Hunt for the word "assumes" across the entries below, copying each line that holds it.

____

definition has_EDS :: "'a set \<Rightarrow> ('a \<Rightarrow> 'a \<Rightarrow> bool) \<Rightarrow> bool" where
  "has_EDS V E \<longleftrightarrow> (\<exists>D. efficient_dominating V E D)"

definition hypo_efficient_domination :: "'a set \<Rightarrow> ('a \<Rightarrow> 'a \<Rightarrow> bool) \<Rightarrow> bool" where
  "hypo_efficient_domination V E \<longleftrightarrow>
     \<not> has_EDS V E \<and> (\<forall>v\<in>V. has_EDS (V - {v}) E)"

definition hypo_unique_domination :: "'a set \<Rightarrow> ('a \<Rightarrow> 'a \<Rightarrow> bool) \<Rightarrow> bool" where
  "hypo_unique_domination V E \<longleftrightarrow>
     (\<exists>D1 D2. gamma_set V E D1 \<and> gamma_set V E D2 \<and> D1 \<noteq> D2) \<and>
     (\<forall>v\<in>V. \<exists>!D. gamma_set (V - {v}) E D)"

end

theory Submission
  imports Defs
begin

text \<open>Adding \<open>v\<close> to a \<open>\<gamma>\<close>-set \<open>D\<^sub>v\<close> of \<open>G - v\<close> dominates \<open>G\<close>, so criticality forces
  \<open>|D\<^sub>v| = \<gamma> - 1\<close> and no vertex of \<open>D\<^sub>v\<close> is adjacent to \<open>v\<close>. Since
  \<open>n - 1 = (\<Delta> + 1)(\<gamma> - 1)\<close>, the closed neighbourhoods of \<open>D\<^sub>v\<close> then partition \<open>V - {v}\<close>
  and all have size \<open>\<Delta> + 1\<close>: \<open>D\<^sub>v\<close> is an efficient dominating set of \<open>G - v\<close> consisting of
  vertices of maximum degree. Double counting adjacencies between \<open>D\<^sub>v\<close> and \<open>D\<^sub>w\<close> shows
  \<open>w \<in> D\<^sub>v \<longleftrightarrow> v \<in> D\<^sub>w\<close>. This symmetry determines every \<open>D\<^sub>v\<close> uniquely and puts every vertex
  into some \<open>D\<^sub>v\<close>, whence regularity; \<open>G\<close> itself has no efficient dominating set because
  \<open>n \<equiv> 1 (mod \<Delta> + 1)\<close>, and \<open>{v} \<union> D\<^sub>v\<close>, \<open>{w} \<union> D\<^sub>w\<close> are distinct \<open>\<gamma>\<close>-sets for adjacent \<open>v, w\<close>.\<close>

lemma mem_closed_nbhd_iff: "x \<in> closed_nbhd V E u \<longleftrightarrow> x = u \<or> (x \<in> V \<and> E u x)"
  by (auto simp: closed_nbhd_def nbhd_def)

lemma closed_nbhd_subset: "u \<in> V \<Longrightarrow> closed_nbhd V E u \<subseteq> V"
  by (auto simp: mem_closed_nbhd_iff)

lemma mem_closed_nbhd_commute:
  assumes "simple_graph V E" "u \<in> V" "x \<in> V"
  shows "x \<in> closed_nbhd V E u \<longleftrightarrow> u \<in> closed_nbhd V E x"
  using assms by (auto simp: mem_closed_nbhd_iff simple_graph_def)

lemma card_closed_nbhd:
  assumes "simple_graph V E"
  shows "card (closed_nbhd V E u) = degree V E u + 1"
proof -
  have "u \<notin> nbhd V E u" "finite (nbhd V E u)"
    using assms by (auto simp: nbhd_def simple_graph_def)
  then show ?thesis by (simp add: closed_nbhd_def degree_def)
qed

____

*Response area:*
  assumes "simple_graph V E" "u \<in> V" "x \<in> V"
  assumes "simple_graph V E"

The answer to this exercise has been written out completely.